■ **REQUIREMENT**:
Whenever the word "obtain" turns up in a line of the data below, copy that line.
──────────────────────────────
lemma induced_gasg_XV:
  assumes "g \<in> Gsyn" "\<rho> \<in> Asg (Xs n)"
  shows "induced n k D t (gasg g (Xs n) \<rho>) (XV x) = gasg g XY (induced n k D s \<rho>) (XV x)"
proof (cases "x \<in> {1..n}")
  case True
  have "eval (induced n k D s \<rho>) (g (FVar (XV x))) = eval \<rho> (g (FVar (XV x)))"
    using eval_induced_Xs[OF assms(2) image_XV_in_BF_Xs[OF assms(1) True]] .
  then show ?thesis
    using True by (simp add: induced_XV gasg_def)
qed (auto simp: induced_XV gasg_def)

definition compatible :: "(nat \<Rightarrow> bool list \<Rightarrow> bool) \<Rightarrow> (nat \<Rightarrow> bool list \<Rightarrow> bool) \<Rightarrow> bool" where
  "compatible s t \<longleftrightarrow> (\<forall>\<sigma>\<in>Asg (Xs n). \<exists>g\<in>Gsyn.
     induced n k D t (gasg g (Xs n) \<sigma>) = gasg g XY (induced n k D s \<sigma>))"

lemma compatible_refl: "compatible s s"
  unfolding compatible_def using id_in_Gsyn by (metis gasg_id induced_Asg)

lemma compatible_trans:
  assumes "compatible r s" "compatible s t"
  shows "compatible r t"
  unfolding compatible_def
proof
  fix \<rho> assume \<rho>: "\<rho> \<in> Asg (Xs n)"
  obtain a where a: "a \<in> Gsyn"
    "induced n k D s (gasg a (Xs n) \<rho>) = gasg a XY (induced n k D r \<rho>)"
    using assms(1) \<rho> unfolding compatible_def by blast
  obtain b where b: "b \<in> Gsyn"
    "induced n k D t (gasg b (Xs n) (gasg a (Xs n) \<rho>)) = gasg b XY (induced n k D s (gasg a (Xs n) \<rho>))"
    using assms(2) gasg_Asg unfolding compatible_def by blast
  have "induced n k D t (gasg (a \<circ> b) (Xs n) \<rho>) = gasg (a \<circ> b) XY (induced n k D r \<rho>)"
    using a b gasg_comp_Xs[OF b(1) a(1) \<rho>] gasg_comp[OF b(1) a(1) induced_Asg] by simp
  then show "\<exists>g\<in>Gsyn. induced n k D t (gasg g (Xs n) \<rho>) = gasg g XY (induced n k D r \<rho>)"
    using comp_in_Gsyn[OF a(1) b(1)] by blast
qed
──────────────────────────────
■ **RESULT OF THE TASK**:
  obtain a where a: "a \<in> Gsyn"
  obtain b where b: "b \<in> Gsyn"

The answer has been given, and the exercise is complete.